To do
Repeat only the lines below from the one containing "unfolding power_mult_distrib sum_sq[OF" through the one containing "- r\<^sup>2 * (y", inclusive, exactly as written.

Stored data:
definition tangent_line :: "bool \<Rightarrow> real \<Rightarrow> real \<Rightarrow> real^2 \<Rightarrow> real^2 \<Rightarrow> real^2 \<Rightarrow> real^2 \<Rightarrow> bool" where
  "tangent_line hyp a b Z u X Y \<longleftrightarrow> X \<noteq> Y \<and>
     (\<exists>P D. P \<in> {X + t *\<^sub>R (Y - X) | t. True} \<and> conic_eq hyp a b Z u P = 0 \<and>
        (conic_eq hyp a b Z u has_derivative D) (at P) \<and> D (Y - X) = 0)"

definition circumscribed :: "bool \<Rightarrow> real \<Rightarrow> real \<Rightarrow> real^2 \<Rightarrow> real^2 \<Rightarrow> real^2 \<Rightarrow> real^2 \<Rightarrow> real^2 \<Rightarrow> bool" where
  "circumscribed hyp a b Z u A B C \<longleftrightarrow>
     tangent_line hyp a b Z u A B \<and> tangent_line hyp a b Z u B C \<and> tangent_line hyp a b Z u C A"

definition is_circumcenter :: "real^2 \<Rightarrow> real^2 \<Rightarrow> real^2 \<Rightarrow> real^2 \<Rightarrow> bool" where
  "is_circumcenter O' A B C \<longleftrightarrow> dist O' A = dist O' B \<and> dist O' B = dist O' C"

definition is_orthocenter :: "real^2 \<Rightarrow> real^2 \<Rightarrow> real^2 \<Rightarrow> real^2 \<Rightarrow> bool" where
  "is_orthocenter H A B C \<longleftrightarrow>
     (H - A) \<bullet> (B - C) = 0 \<and> (H - B) \<bullet> (C - A) = 0 \<and> (H - C) \<bullet> (A - B) = 0"

end

theory Submission
  imports Defs
begin

text \<open>
  For a tangent line of the conic, the foot M of the perpendicular from a focus F lies on the
  auxiliary circle of radius a about the centre Z, and (F - M) \<bullet> (F' - M) = \<plusminus>b^2 for the
  second focus F' = 2 Z - F. When F is the circumcentre, these feet are the side midpoints, so
  Z is the nine-point centre, a = R/2 for the circumradius R, and F' is the orthocentre
  H = A + B + C - 2 F. Writing x, y, z for the vertices seen from F, we have
  |AH| = |y + z| etc., and the vanishing Gram determinant of three plane vectors gives
  |AH| |BH| |CH| = 2 R \<bar>R^2 + x \<bullet> y + y \<bullet> z + z \<bullet> x\<bar> = 4 R \<bar>(F - M) \<bullet> (H - M)\<bar> = 8 a b^2.
\<close>

section \<open>Vectors in the plane\<close>

lemma inner_real2: "(x::real^2) \<bullet> y = x$1 * y$1 + x$2 * y$2"
  by (simp add: inner_vec_def sum_2)

lemma orthogonal_real2_imp_parallel:
  fixes d v w :: "real^2"
  assumes "d \<noteq> 0" "v \<bullet> d = 0" "w \<bullet> d = 0" "v \<noteq> 0"
  shows "w = ((w \<bullet> v) / (v \<bullet> v)) *\<^sub>R v"
proof -
  have d: "d$1 \<noteq> 0 \<or> d$2 \<noteq> 0"
    using assms(1) by (metis exhaust_2 vec_eq_iff zero_index)
  have "d$1 * (v$1 * w$2 - v$2 * w$1) = 0" "d$2 * (v$1 * w$2 - v$2 * w$1) = 0"
    using assms(2,3) unfolding inner_real2 by algebra+
  then have det: "v$1 * w$2 = v$2 * w$1"
    using d by auto
  have "v \<bullet> v \<noteq> 0" using assms(4) by simp
  with det show ?thesis
    unfolding vec_eq_iff forall_2 inner_real2 by (auto simp: field_simps)
qed

lemma noncollinear_orthogonal_sides_eq_0:
  fixes A B C w :: "real^2"
  assumes "\<not> collinear {A, B, C}" "w \<bullet> (B - A) = 0" "w \<bullet> (C - A) = 0"
  shows "w = 0"
proof (rule ccontr)
  assume "w \<noteq> 0"
  moreover have "B - A \<noteq> 0" using assms(1) by auto
  ultimately have "C - A = ((C - A) \<bullet> (B - A) / ((B - A) \<bullet> (B - A))) *\<^sub>R (B - A)"
    using assms(2,3) by (intro orthogonal_real2_imp_parallel) (simp_all add: inner_commute)
  then have "collinear {B, A, C}"
    by (metis collinear_lemma collinear_3 NO_MATCH_def)
  with assms(1) show False
    by (simp add: insert_commute)
qed

lemma gram_det_real2:
  fixes x y z :: "real^2"
  shows "(x \<bullet> x) * (y \<bullet> y) * (z \<bullet> z) + 2 * (x \<bullet> y) * (y \<bullet> z) * (z \<bullet> x)
    - (x \<bullet> x) * (y \<bullet> z)\<^sup>2 - (y \<bullet> y) * (z \<bullet> x)\<^sup>2 - (z \<bullet> z) * (x \<bullet> y)\<^sup>2 = 0"
  unfolding inner_real2 by (simp add: algebra_simps power2_eq_square)

lemma norm_pairwise_sums_product:
  fixes x y z :: "real^2"
  assumes "norm x = r" "norm y = r" "norm z = r"
  shows "norm (y + z) * norm (z + x) * norm (x + y) = 2 * r * \<bar>r\<^sup>2 + x \<bullet> y + y \<bullet> z + z \<bullet> x\<bar>"
proof -
  have sq: "x \<bullet> x = r\<^sup>2" "y \<bullet> y = r\<^sup>2" "z \<bullet> z = r\<^sup>2"
    using assms by (simp_all flip: power2_norm_eq_inner)
  have sum_sq: "(norm (v + w))\<^sup>2 = 2 * (r\<^sup>2 + v \<bullet> w)" if "v \<bullet> v = r\<^sup>2" "w \<bullet> w = r\<^sup>2" for v w :: "real^2"
    using that by (simp add: power2_norm_eq_inner algebra_simps inner_commute)
  have identity: "2 * (r\<^sup>2 + p) * (2 * (r\<^sup>2 + q)) * (2 * (r\<^sup>2 + s)) - (2 * r * (r\<^sup>2 + s + p + q))\<^sup>2
      = 4 * (r\<^sup>2 * r\<^sup>2 * r\<^sup>2 + 2 * s * p * q - r\<^sup>2 * p\<^sup>2 - r\<^sup>2 * q\<^sup>2 - r\<^sup>2 * s\<^sup>2)" for p q s :: real
    by (simp add: algebra_simps power2_eq_square)
  have "(norm (y + z) * norm (z + x) * norm (x + y))\<^sup>2
      = 2 * (r\<^sup>2 + y \<bullet> z) * (2 * (r\<^sup>2 + z \<bullet> x)) * (2 * (r\<^sup>2 + x \<bullet> y))"
    unfolding power_mult_distrib sum_sq[OF sq(2,3)] sum_sq[OF sq(3,1)] sum_sq[OF sq(1,2)] ..
  also have "\<dots> = (2 * r * (r\<^sup>2 + x \<bullet> y + y \<bullet> z + z \<bullet> x))\<^sup>2"
  proof -
    have "r\<^sup>2 * r\<^sup>2 * r\<^sup>2 + 2 * (x \<bullet> y) * (y \<bullet> z) * (z \<bullet> x)
        - r\<^sup>2 * (y \<bullet> z)\<^sup>2 - r\<^sup>2 * (z \<bullet> x)\<^sup>2 - r\<^sup>2 * (x \<bullet> y)\<^sup>2 = 0"
      using gram_det_real2[of x y z] unfolding sq .
    with identity[of "y \<bullet> z" "z \<bullet> x" "x \<bullet> y"] show ?thesis
      by simp
  qed
  also have "\<dots> = (2 * r * \<bar>r\<^sup>2 + x \<bullet> y + y \<bullet> z + z \<bullet> x\<bar>)\<^sup>2"
    by (simp add: power_mult_distrib)
  finally show ?thesis
    using assms(1) by (auto intro: power2_eq_imp_eq)
qed

lemma midpoint_diff: "midpoint X Y - P = (1/2) *\<^sub>R ((X - P) + (Y - P))"
  unfolding midpoint_def by (simp add: algebra_simps flip: scaleR_add_right)

lemma midpoint_dist_eq_orthogonal:
  fixes F X Y :: "'a::real_inner"
  assumes "dist F X = dist F Y"
  shows "(midpoint X Y - F) \<bullet> (Y - X) = 0"
proof -
  define v w where "v = X - F" and "w = Y - F"
  have "v \<bullet> v = w \<bullet> w"
    using assms by (simp add: v_def w_def dist_norm norm_minus_commute flip: power2_norm_eq_inner)
  moreover have "Y - X = w - v"
    by (simp add: v_def w_def)
  moreover have "(v + w) \<bullet> (w - v) = w \<bullet> w - v \<bullet> v"
    unfolding inner_add_left inner_diff_right inner_commute[of v w] by simp
  ultimately show ?thesis
    unfolding midpoint_diff v_def[symmetric] w_def[symmetric] by simp
qed

lemma collinear_midpoints_iff:
  "collinear {midpoint B C, midpoint C A, midpoint A B} \<longleftrightarrow> collinear {A, B, C}"
proof -
  note collinear_3' = collinear_3[unfolded NO_MATCH_def, simplified]
  have sides: "midpoint C A - midpoint B C = (- 1/2) *\<^sub>R (B - A)"
    "midpoint A B - midpoint B C = (- 1/2) *\<^sub>R (C - A)"
    by (simp_all add: midpoint_def algebra_simps)
  have "collinear {midpoint C A, midpoint B C, midpoint A B}
      \<longleftrightarrow> collinear {0, (- 1/2) *\<^sub>R (B - A), (- 1/2) *\<^sub>R (C - A)}"
    unfolding collinear_3'[of "midpoint C A"] sides ..
  also have "\<dots> \<longleftrightarrow> collinear {0, B - A, C - A}"
    by (subst collinear_scaleR_iff) simp
  also have "\<dots> \<longleftrightarrow> collinear {B, A, C}"
    by (rule collinear_3'[symmetric])
  finally show ?thesis
    by (simp add: insert_commute)
qed

section \<open>Circumcentre, orthocentre and nine-point centre\<close>

lemma circumcenter_unique:
  assumes "\<not> collinear {A, B, C}" "is_circumcenter P A B C" "is_circumcenter Q A B C"
  shows "P = Q"
proof -
  have "(P - Q) \<bullet> (Y - X) = 0" if "dist P X = dist P Y" "dist Q X = dist Q Y" for X Y
  proof -
    have "(P - X) \<bullet> (P - X) = (P - Y) \<bullet> (P - Y)" "(Q - X) \<bullet> (Q - X) = (Q - Y) \<bullet> (Q - Y)"
      using that by (simp_all add: dist_norm flip: power2_norm_eq_inner)
    then show ?thesis
      by (simp add: algebra_simps inner_commute)
  qed
  then have "P - Q = 0"
    using assms by (intro noncollinear_orthogonal_sides_eq_0[OF assms(1)]) (auto simp: is_circumcenter_def)
  then show ?thesis by simp
qed

lemma is_orthocenter_circumcenter:
  assumes "is_circumcenter O' A B C"
  shows "is_orthocenter (A + B + C - 2 *\<^sub>R O') A B C"
proof -
  have sq_radius: "(P - O') \<bullet> (P - O') = (Q - O') \<bullet> (Q - O')" if "dist O' P = dist O' Q" for P Q
    using that by (simp add: dist_norm norm_minus_commute flip: power2_norm_eq_inner)
  have radii: "(A - O') \<bullet> (A - O') = (B - O') \<bullet> (B - O')" "(B - O') \<bullet> (B - O') = (C - O') \<bullet> (C - O')"
    using assms sq_radius unfolding is_circumcenter_def by blast+
  have diff_squares: "(v + w) \<bullet> (v - w) = v \<bullet> v - w \<bullet> w" for v w :: "real^2"
    unfolding inner_add_left inner_diff_right inner_commute[of w v] by simp
  have offsets: "A + B + C - 2 *\<^sub>R O' - A = (B - O') + (C - O')" "B - C = (B - O') - (C - O')"
    "A + B + C - 2 *\<^sub>R O' - B = (C - O') + (A - O')" "C - A = (C - O') - (A - O')"
    "A + B + C - 2 *\<^sub>R O' - C = (A - O') + (B - O')" "A - B = (A - O') - (B - O')"
    by (simp_all add: algebra_simps scaleR_2)
  show ?thesis
    unfolding is_orthocenter_def offsets diff_squares radii by simp
qed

Answer for the task
    unfolding power_mult_distrib sum_sq[OF sq(2,3)] sum_sq[OF sq(3,1)] sum_sq[OF sq(1,2)] ..
  also have "\<dots> = (2 * r * (r\<^sup>2 + x \<bullet> y + y \<bullet> z + z \<bullet> x))\<^sup>2"
  proof -
    have "r\<^sup>2 * r\<^sup>2 * r\<^sup>2 + 2 * (x \<bullet> y) * (y \<bullet> z) * (z \<bullet> x)
        - r\<^sup>2 * (y \<bullet> z)\<^sup>2 - r\<^sup>2 * (z \<bullet> x)\<^sup>2 - r\<^sup>2 * (x \<bullet> y)\<^sup>2 = 0"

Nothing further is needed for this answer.